Benny Morris on Why He’s Written His Last Word on the Israel-Arab Conflict | Haaretz

Benny Morris

After 30 years, he’s giving up. “This is the last book I will write about the Israeli-Palestinian conflict,” declares historian Benny Morris, sitting on the balcony of his home, overlooking distant lush hilltops covered with cypresses and pines. A pioneer in researching the Israeli-Palestinian conflict and one of the most prominent Israeli historians of his generation, he has had his fill of the exhausting and bloody cycle that he has documented for the past three decades. “The decades of studying the conflict, which led to nine books, left me with a feeling of deep despair. I’ve done all I can,” he says. “I’ve written enough about a conflict that has no solution, mainly due to the Palestinians’ consistent rejection of a solution of two states for two peoples.”

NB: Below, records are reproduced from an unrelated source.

(* Let $(\vec s_i)_{i\in\mathbb N}$ be a strictly increasing sequence of oriented separations of a graph $G$ and $(P_i)_{i\in\mathbb N}$ a sequence of pre-tangles in $G$. Suppose that (IM1) $\overleftarrow{s}_i\in P_i$ and $\vec s_i\in P_{i+1}$ for all $i$, and (IM2') the separation $s_i$ efficiently distinguishes $P_i$ and $P_{i+1}$ for all $i$. Then (IM2) holds: for all $i<j$, every separation of minimal order among $s_i,\dots,s_{j-1}$ efficiently distinguishes $P_i$ and $P_j$.
   Context: Notation: $s$ denotes a separation (an unordered pair $\{A,B\}$ of subsets of $V(G)$ with $A\cup B=V(G)$ and no edge between $A\setminus B$ and $B\setminus A$; order $|s|=|A\cap B|$), $\vec s$ and $\overleftarrow{s}$ its two orientations $(A,B)$, $(B,A)$; oriented separations are ordered by $(A,B)\le(C,D)$ iff $A\subseteq C$ and $B\supseteq D$. A set $O$ of oriented separations is consistent if there are no $(A,B),(C,D)\in O$ with $\{A,B\}\ne\{C,D\}$ and $(B,A)\le(C,D)$. A pre-tangle is a consistent set $P$ which, for some $k\in\mathbb N\cup\{\aleph_0\}$, contains exactly one orientation of every separation of order $<k$ and nothing else. A separation distinguishes two pre-tangles if both contain an orientation of it but different ones; efficiently if it has minimum order among all separations distinguishing them. *)

theory Defs
  imports Main "HOL-Library.Extended_Nat"
begin

text \<open>A graph is given by a vertex set V and an edge set E of (ordered) pairs;
  an edge (x,y) joins x and y. An oriented separation is the pair (A,B);
  the underlying unordered separation is {A,B}.\<close>

definition is_graph :: "'v set \<Rightarrow> ('v \<times> 'v) set \<Rightarrow> bool" where
  "is_graph V E \<longleftrightarrow> E \<subseteq> V \<times> V"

This weary feeling about the bitter encounter between the two sparring peoples is given profound expression in the new Hebrew edition of his book, “One State, Two States: Resolving the Israel/Palestine Conflict” (first published in English in 2009). In the book, Morris describes for what he says is the last time another chapter in the history of relations between Israel and the Palestinians. Given the circumstances, he concludes his research with an incisive political essay that could be read as an indictment. “It’s a historical essay that has a political purpose and a political explanation,” he admits. “My aim is to open readers’ eyes to the truth. The objective is to expose the goals of the Palestinian national movement to extinguish the Jewish national project and to inherit all of Palestine for the Arabs and Islam.”